Arguments

How Much Punishment for a Lasting Peace?

Can Colombia, still reeling from the shocking October 2 disapproval of the peace plan, correct course?

By Jennifer McCoy Henry (Chip) Carey

Tagged ColombiaFARCForeign PolicyInternational Criminal Court

To avoid perpetuating an armed conflict that has already lasted over 50 years, the Colombian government is talking with its political opposition, led by former President Álvaro Uribe of the right-wing Democratic Center Party, as well as FARC leaders, to try to modify the previous peace agreement to one that all three sides would support and that could, hopefully, gain broad public legitimacy. With that in mind, government negotiators renewed talks with members of the FARC this weekend in Havana, bringing with them proposals from the various parties who voted “No” in this month’s referendum.

Lessons from previous conflicts can be helpful, but Colombia is also charting new territory as a country with strong legal and democratic credentials and a commitment to new international humanitarian and human rights obligations. Add to this the fact that Colombia took the unusual step of consulting with voters in a plebiscite, seeking to gain legitimacy for the accords. Notably, the dissenting voters were concentrated in parts of the country relatively unaffected by the long armed insurgency, while voters in conflict zones appeared more eager to put an immediate end to the conflict.

The primary points of contention among voters and negotiators involve the commonly perceived trade-off between peace (with amnesty) and justice (with prosecutions), as well as the extent to which FARC leaders can participate in Colombian political life. In the past, the majority of post-conflict and transition agreements in authoritarian or post-war states granted broad amnesties for human rights abuses under the notion that “forgive and forget” was the best path forward to avoid backlash and a possible return to violence.
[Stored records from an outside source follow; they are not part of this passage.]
definition hypA2' :: "('n::finite vert \<Rightarrow> real) \<Rightarrow> ('n vert \<Rightarrow> real) \<Rightarrow> bool" where
  "hypA2' a b \<longleftrightarrow> (\<exists>M1 M2. M1 > 0 \<and> M2 > 0 \<and>
     finite {x. a x \<le> M1} \<and> {x. a x \<le> M1} \<noteq> {} \<and>
     finite {x. b x \<le> M2} \<and> {x. b x \<le> M2} \<noteq> {})"

definition hypF1 :: "real \<Rightarrow> (real \<Rightarrow> real \<Rightarrow> real) \<Rightarrow> bool" where
  "hypF1 \<gamma> F \<longleftrightarrow> (\<forall>u v. F u v \<ge> 0) \<and>
     (\<exists>F'. (\<forall>z. ((\<lambda>(u, v). F u v) has_derivative blinfun_apply (F' z)) (at z)) \<and>
           continuous_on UNIV F') \<and>
     (\<forall>t u v. t > 0 \<longrightarrow> F (t * u) (t * v) = t powr \<gamma> * F u v)"

end

theory Submission
  imports Defs
begin

text \<open>Both terms of \<open>\<langle>J'\<^sub>\<lambda>(u,v),(u,v)\<rangle>\<close> are homogeneous along the ray \<open>t(u,v)\<close>:
  the norm term scales like \<open>t\<^sup>p\<close> and, by the \<open>\<gamma>\<close>-homogeneity of \<open>F\<close>, the nonlocal
  term like \<open>t\<^sup>2\<^sup>\<gamma>\<close>. So \<open>t(u,v) \<in> \<N>\<^sub>\<lambda>\<close> iff \<open>t\<^sup>p A = t\<^sup>2\<^sup>\<gamma> B\<close> with
  \<open>A = \<parallel>(u,v)\<parallel>\<^sub>\<lambda>\<^sup>p > 0\<close> and \<open>B\<close> the nonlocal term, i.e. iff \<open>t\<^sup>2\<^sup>\<gamma>\<^sup>-\<^sup>p = A/B\<close>.
  The hypotheses give \<open>A \<le> B\<close> and \<open>2\<gamma> > p\<close>, so this has exactly one solution,
  and it lies in \<open>(0,1]\<close>.\<close>

lemma ex1_zero_powr_diff:
  fixes A B p q :: real
  assumes "0 < A" "A \<le> B" "p < q"
  shows "\<exists>!t. t \<in> {0<..1} \<and> t powr p * A - t powr q * B = 0"
proof -
  define d where "d = q - p"
  have "0 < d" "0 < B" "0 < A / B" "A / B \<le> 1"
    using assms by (auto simp: d_def)
  have zero_iff: "t powr p * A - t powr q * B = 0 \<longleftrightarrow> t powr d = A / B" if "0 < t" for t
  proof -
    have "t powr q = t powr p * t powr d" by (simp add: d_def flip: powr_add)
    with that \<open>0 < B\<close> show ?thesis by (auto simp: field_simps)
  qed
  have root: "t = (A / B) powr (1 / d)" if "0 < t" "t powr d = A / B" for t
  proof -
    have "t = (t powr d) powr (1 / d)"
      using that(1) \<open>0 < d\<close> by (simp add: powr_powr)
    with that(2) show ?thesis by simp
  qed
  define t0 where "t0 = (A / B) powr (1 / d)"
  have "t0 \<in> {0<..1}"
    using \<open>0 < A / B\<close> \<open>A / B \<le> 1\<close> \<open>0 < d\<close> by (auto simp: t0_def intro: powr_le1)
  moreover have "t0 powr d = A / B"
    using assms(1) \<open>0 < B\<close> \<open>0 < d\<close> by (simp add: t0_def powr_powr)
  ultimately show ?thesis
    using zero_iff root by (intro ex1I[of _ t0]) (auto simp: t0_def)
qed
Exceptions to this rule happened when leaders of the former regime were defeated and/or eliminated from public life (Germany and Japan after World War II, Argentina, and Greece); a truth commission was established to provide full “confession-for-amnesty” solutions (South Africa and now Colombia); or the UN Security Council passed legally binding resolutions mandating prosecutions by supranational or hybrid national-international courts (International Tribunal for the former Yugoslavia, International Tribunal for Rwanda, Special Court for Sierra Leone, War Crimes Chamber of the State Court of Bosnia and Herzogovina, equivalents in Croatia and Serbia, and the newly established Specialist Chambers and Specialist Prosecutor’s Office for Kosovo).

Most other transitional or post-conflict regimes have not prosecuted anyone in the short run or at all, including the three dozen countries that have implemented truth commissions or other investigatory bodies to analyze past crimes. A few domestic courts have attempted prosecutions and failed (for example, the Special Court for East Timor and the Special Court for Lebanon).

Since the International Criminal Court (ICC) and its 1998 Rome Statute came into legally binding force in 2002, states parties, including Colombia, have been legally required to either investigate and prosecute those most responsible for committing crimes against humanity, genocide, and/or war crimes, or, if unwilling or unable to do so, have the ICC prosecute them. Thus, broad amnesty for human rights crimes that had also helped induce either armed groups to lay down their weapons or authoritarian governments to transition to democracy are no longer acceptable under international law.

Many analysts of earlier conflicts concluded that, when those most responsible for mass atrocities are not prosecuted and punished in the present, signals of tolerance for impunity are sent out for the future. Given the variety of contexts and factors affecting transitional justice outcomes, no clear track record offers a “one-size-fits-all” strategy among the menu of post-conflict accountability mechanisms. This menu ranges from the most audacious step of prosecuting authors of atrocities and even using torture, to other, non-punitive forms of accountability, such as truth commissions, purges, vetting of human rights violators, and filing lawsuits for reparations and public confessions.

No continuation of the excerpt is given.